God Loves Drunk People Too

A man and his wife were awakened at 3:00 am by a loud pounding on the door.

The man gets up and goes to the door where a drunken stranger, standing in the pouring rain, is asking for a push. 


"Not a chance," says the husband, "it is 3:00 in the morning!" 

He slams the door and returns to bed. 

"Who was that?" asked his wife. 


"Just some drunk guy asking for a push," he answers. 


"Did you help him?" she asks. 


"No, I did not, it is 3:00 in the morning and it is pouring rain out there!" 


"Well, you have a short memory," says his wife. "Can't you remember about three months ago when we broke down, and those two guys helped us?  I think you should help him, and you should be ashamed of yourself!
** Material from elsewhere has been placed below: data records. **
lemma tetrablock_disc0_through_dominant_nonzero:
  assumes E: "tetrablock x1 x2 x3" and x1: "x1 \<noteq> 0" and dom: "cmod x2 \<le> cmod x1"
    and l0: "l0 \<noteq> 0" "cmod l0 < 1" and K: "Psi_norm x1 x2 x3 \<le> cmod l0"
  shows "\<exists>f1 f2 f3. tetrablock_disc0 f1 f2 f3 \<and> f1 l0 = x1 \<and> f2 l0 = x2 \<and> f3 l0 = x3"
proof -
  define r gc where "r = cmod l0" and "gc = cnj x1 - x2 * cnj x3"
  define m D0 where "m = cnj x1 * x3 - of_real (r\<^sup>2) * x2" and "D0 = (cmod x1)\<^sup>2 - r\<^sup>2 * (cmod x2)\<^sup>2"
  define R L \<kappa> where "R = r * cmod gc" and "L = l0 * gc * x1" and "\<kappa> = cnj l0 * cnj gc"
  have r: "0 < r" "r < 1" using l0 by (simp_all add: r_def)
  have "cnj gc \<noteq> 0" using tetrablock_diff_cnj_nonzero[OF E x1 dom] by (simp add: gc_def)
  then have R: "0 < R" using r by (simp add: R_def)
  have "r\<^sup>2 * (cmod x2)\<^sup>2 \<le> r\<^sup>2 * (cmod x1)\<^sup>2" using dom by (intro mult_left_mono power_mono) auto
  also have "\<dots> < (cmod x1)\<^sup>2" using r x1 by (simp add: power_less_one_iff)
  finally have D0: "0 < D0" by (simp add: D0_def)
  have "cmod gc = cmod (x1 - cnj x2 * x3)"
    by (metis complex_cnj_cnj complex_cnj_diff complex_cnj_mult complex_mod_cnj gc_def)
  then have Dm: "D0 + cmod m \<le> R"
    using construction_bound[OF tetrablock_norm_x2[OF E] dom r(1) less_imp_le[OF r(2)]] K
    by (simp add: D0_def m_def R_def r_def)
  then obtain \<beta> s c where \<beta>sc: "0 < s" "\<beta>\<^sup>2 + s\<^sup>2 = 1" "of_real \<beta> * c = m" "(D0 / s)\<^sup>2 + (cmod c)\<^sup>2 = R\<^sup>2"
    using exists_construction_parameters[OF D0 R] by blast
  have L: "cmod L = R * cmod x1" by (simp add: L_def R_def r_def norm_mult)
  have "\<kappa> * L = (l0 * cnj l0) * (gc * cnj gc) * x1" by (simp add: \<kappa>_def L_def ac_simps)
  also have "\<dots> = of_real ((cmod l0)\<^sup>2) * of_real ((cmod gc)\<^sup>2) * x1" by (simp only: complex_norm_square)
  finally have \<kappa>: "\<kappa> * L = of_real (R\<^sup>2) * x1" by (simp add: R_def r_def power_mult_distrib)
  have "s * (D0 / s) = D0" using \<beta>sc(1) by simp
  moreover have "cmod m < R" using Dm D0 by simp
  ultimately have "tetrablock_disc0 (\<lambda>t. t * of_real D0 * x1 / (L + t * x2 * cnj m))
      (\<lambda>t. t * of_real D0 * x2 / (L + t * x2 * cnj m)) (\<lambda>t. t * (x1 * m + t * \<kappa> * x2) / (L + t * x2 * cnj m))"
    using construction_denominator_nonzero[OF dom x1 L]
    by (intro construction_disc0[OF x1 dom \<beta>sc(1-3) _ \<beta>sc(4) L R \<kappa>]) auto
  moreover have "L + l0 * x2 * cnj m = l0 * of_real D0"
    by (simp only: L_def m_def D0_def r_def gc_def construction_values(1))
  moreover have "x1 * m + l0 * \<kappa> * x2 = of_real D0 * x3"
    by (simp only: \<kappa>_def m_def D0_def r_def gc_def construction_values(2))
  ultimately show ?thesis using D0 l0 by (intro exI[of _ "\<lambda>t. t * of_real D0 * x1 / (L + t * x2 * cnj m)"]
      exI[of _ "\<lambda>t. t * of_real D0 * x2 / (L + t * x2 * cnj m)"]
      exI[of _ "\<lambda>t. t * (x1 * m + t * \<kappa> * x2) / (L + t * x2 * cnj m)"]) simp
qed

lemma tetrablock_disc0_through_dominant:
  assumes E: "tetrablock x1 x2 x3" and dom: "cmod x2 \<le> cmod x1"
    and l0: "l0 \<noteq> 0" "cmod l0 < 1" and K: "Psi_norm x1 x2 x3 \<le> cmod l0"
  shows "\<exists>f1 f2 f3. tetrablock_disc0 f1 f2 f3 \<and> f1 l0 = x1 \<and> f2 l0 = x2 \<and> f3 l0 = x3"
proof (cases "x1 = 0")
  case True
  then have "x2 = 0" using dom by simp
  moreover have "cmod x3 \<le> cmod l0"
    using norm_x3_le_Psi_norm[OF tetrablock_norm_x2[OF E], of x3 x1] K by linarith
  ultimately show ?thesis
    using True l0 tetrablock_disc0_through_zero_pair[OF l0] by fastforce
next
  case False
  then show ?thesis using tetrablock_disc0_through_dominant_nonzero[OF E _ dom l0 K] by blast
qed

lemma tetrablock_disc0_through:
  assumes E: "tetrablock x1 x2 x3" and l0: "l0 \<noteq> 0" "cmod l0 < 1"
    and K: "Psi_norm x1 x2 x3 \<le> cmod l0" "Psi_norm x2 x1 x3 \<le> cmod l0"
  shows "\<exists>f1 f2 f3. tetrablock_disc0 f1 f2 f3 \<and> f1 l0 = x1 \<and> f2 l0 = x2 \<and> f3 l0 = x3"
proof (cases "cmod x2 \<le> cmod x1")
  case True
  then show ?thesis using tetrablock_disc0_through_dominant[OF E _ l0 K(1)] by blast
next
  case False
  then have "tetrablock x2 x1 x3" "cmod x1 \<le> cmod x2" using E tetrablock_commute by auto
  then obtain g1 g2 g3 where "tetrablock_disc0 g1 g2 g3" "g1 l0 = x2" "g2 l0 = x1" "g3 l0 = x3"
    using tetrablock_disc0_through_dominant[OF _ _ l0 K(2)] by blast
  then show ?thesis using tetrablock_disc0_commute by blast
qed

lemma tetrablock_disc0_Psi_norm_le:
  assumes f: "tetrablock_disc0 f1 f2 f3" and l0: "cmod l0 < 1"
  shows "Psi_norm (f1 l0) (f2 l0) (f3 l0) \<le> cmod l0"
proof (rule ccontr)
  have E: "\<And>t. t \<in> ball 0 1 \<Longrightarrow> tetrablock (f1 t) (f2 t) (f3 t)"
    using f by (simp add: tetrablock_disc0_def)
  assume "\<not> ?thesis"
  then obtain w where w: "w \<in> ball 0 1" "cmod l0 < cmod (Psi (f1 l0) (f2 l0) (f3 l0) w)"
    using less_Psi_norm_imp[OF tetrablock_norm_x2[OF E]] l0 by (meson mem_ball_0 not_le)
  define g where "g t = Psi (f1 t) (f2 t) (f3 t) w" for t
  have "g holomorphic_on ball 0 1"
    unfolding g_def Psi_def using f w one_minus_mult_nonzero[OF tetrablock_norm_x2[OF E]]
    by (intro holomorphic_intros) (auto simp: tetrablock_disc0_def)
  moreover have "g 0 = 0" using f by (simp add: g_def Psi_def tetrablock_disc0_def)
  moreover have "cmod (g t) < 1" if "cmod t < 1" for t
    using norm_Psi_le[OF tetrablock_norm_x2[OF E]] tetrablock_Psi_norm_less_1[OF E] w that
    unfolding g_def by (meson le_less_trans less_imp_le mem_ball_0)
  ultimately have "cmod (g l0) \<le> cmod l0" using Schwarz_Lemma(1) l0 by blast
  then show False using w(2) by (simp add: g_def)
qed

section \<open>The extended symmetrized polydisc\<close>

lemma tetrablock_divide_iff_beta:
  assumes N: "0 < N" and q: "cmod q < 1"
  shows "tetrablock (a / of_nat N) (b / of_nat N) q \<longleftrightarrow>
    cmod ((a - cnj b * q) / of_real (1 - (cmod q)\<^sup>2)) + cmod ((b - cnj a * q) / of_real (1 - (cmod q)\<^sup>2))
      < real N"
proof -
  have w: "0 < 1 - (cmod q)\<^sup>2" using q by (simp add: abs_square_less_1)
  have "cmod ((a - cnj b * q) / of_real (1 - (cmod q)\<^sup>2)) + cmod ((b - cnj a * q) / of_real (1 - (cmod q)\<^sup>2))
      = (cmod (a - cnj b * q) + cmod (b - cnj a * q)) / (1 - (cmod q)\<^sup>2)"
    by (simp only: norm_divide norm_of_real abs_of_pos[OF w] add_divide_distrib)
  then show ?thesis using q w by (simp add: tetrablock_divide_iff[OF N] divide_less_eq)
qed

lemma tG_iff_tetrablock:
  assumes n: "2 \<le> n"
  shows "tG n p \<longleftrightarrow> (\<forall>j\<in>{1..n-1}. tetrablock (p j / bc n j) (p (n - j) / bc n j) (p n))"
proof
  assume "tG n p"
  then obtain \<beta> where q: "cmod (p n) < 1" and \<beta>: "\<And>j. j \<in> {1..n-1} \<Longrightarrow>
      p j = \<beta> j + cnj (\<beta> (n - j)) * p n \<and> cmod (\<beta> j) + cmod (\<beta> (n - j)) < real (n choose j)"
    unfolding tG_def by blast
  have "0 < 1 - (cmod (p n))\<^sup>2" using q by (simp add: abs_square_less_1)
  then have w: "(of_real (1 - (cmod (p n))\<^sup>2) :: complex) \<noteq> 0" by (metis of_real_eq_0_iff order_less_irrefl)
  show "\<forall>j\<in>{1..n-1}. tetrablock (p j / bc n j) (p (n - j) / bc n j) (p n)"
  proof
    fix j assume j: "j \<in> {1..n-1}"
    then have j': "n - j \<in> {1..n-1}" "n - (n - j) = j" "0 < n choose j" by auto
    have pj: "p j = \<beta> j + cnj (\<beta> (n - j)) * p n" "p (n - j) = \<beta> (n - j) + cnj (\<beta> j) * p n"
      using \<beta>[OF j] \<beta>[OF j'(1)] j'(2) by auto
    then show "tetrablock (p j / bc n j) (p (n - j) / bc n j) (p n)"
      using beta_coords_diff[OF pj] beta_coords_diff[OF pj(2,1)] \<beta>[OF j] w
      by (simp add: tetrablock_divide_iff_beta[OF j'(3) q])
  qed
next
  assume E: "\<forall>j\<in>{1..n-1}. tetrablock (p j / bc n j) (p (n - j) / bc n j) (p n)"
  then have q: "cmod (p n) < 1" using n tetrablock_norm_x3 by fastforce
  define \<beta> where "\<beta> j = (p j - cnj (p (n - j)) * p n) / of_real (1 - (cmod (p n))\<^sup>2)" for j
  have "p j = \<beta> j + cnj (\<beta> (n - j)) * p n \<and> cmod (\<beta> j) + cmod (\<beta> (n - j)) < real (n choose j)"
    if j: "j \<in> {1..n-1}" for j
  proof
    have nj: "n - (n - j) = j" and N: "0 < n choose j" using j by auto
    show "p j = \<beta> j + cnj (\<beta> (n - j)) * p n"
      using beta_coords_exist[OF q, of "p j" "p (n - j)"] by (simp only: \<beta>_def nj)
    show "cmod (\<beta> j) + cmod (\<beta> (n - j)) < real (n choose j)"
      using E j tetrablock_divide_iff_beta[OF N q] by (simp only: \<beta>_def nj) blast
  qed
  then show "tG n p" unfolding tG_def using q by blast
qed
God loves drunk people too." 


The man does as he is told, gets dressed, and goes out into the pounding rain. 


He calls out into the dark, "Hello, are you still there?" 


"Yes," comes back the answer. 


"Do you still need a push?" calls out the husband. 


"Yes, please!" comes the reply from the dark. 


"Where are you?" asks the husband.
"Over here on the swing set," replied the drunk.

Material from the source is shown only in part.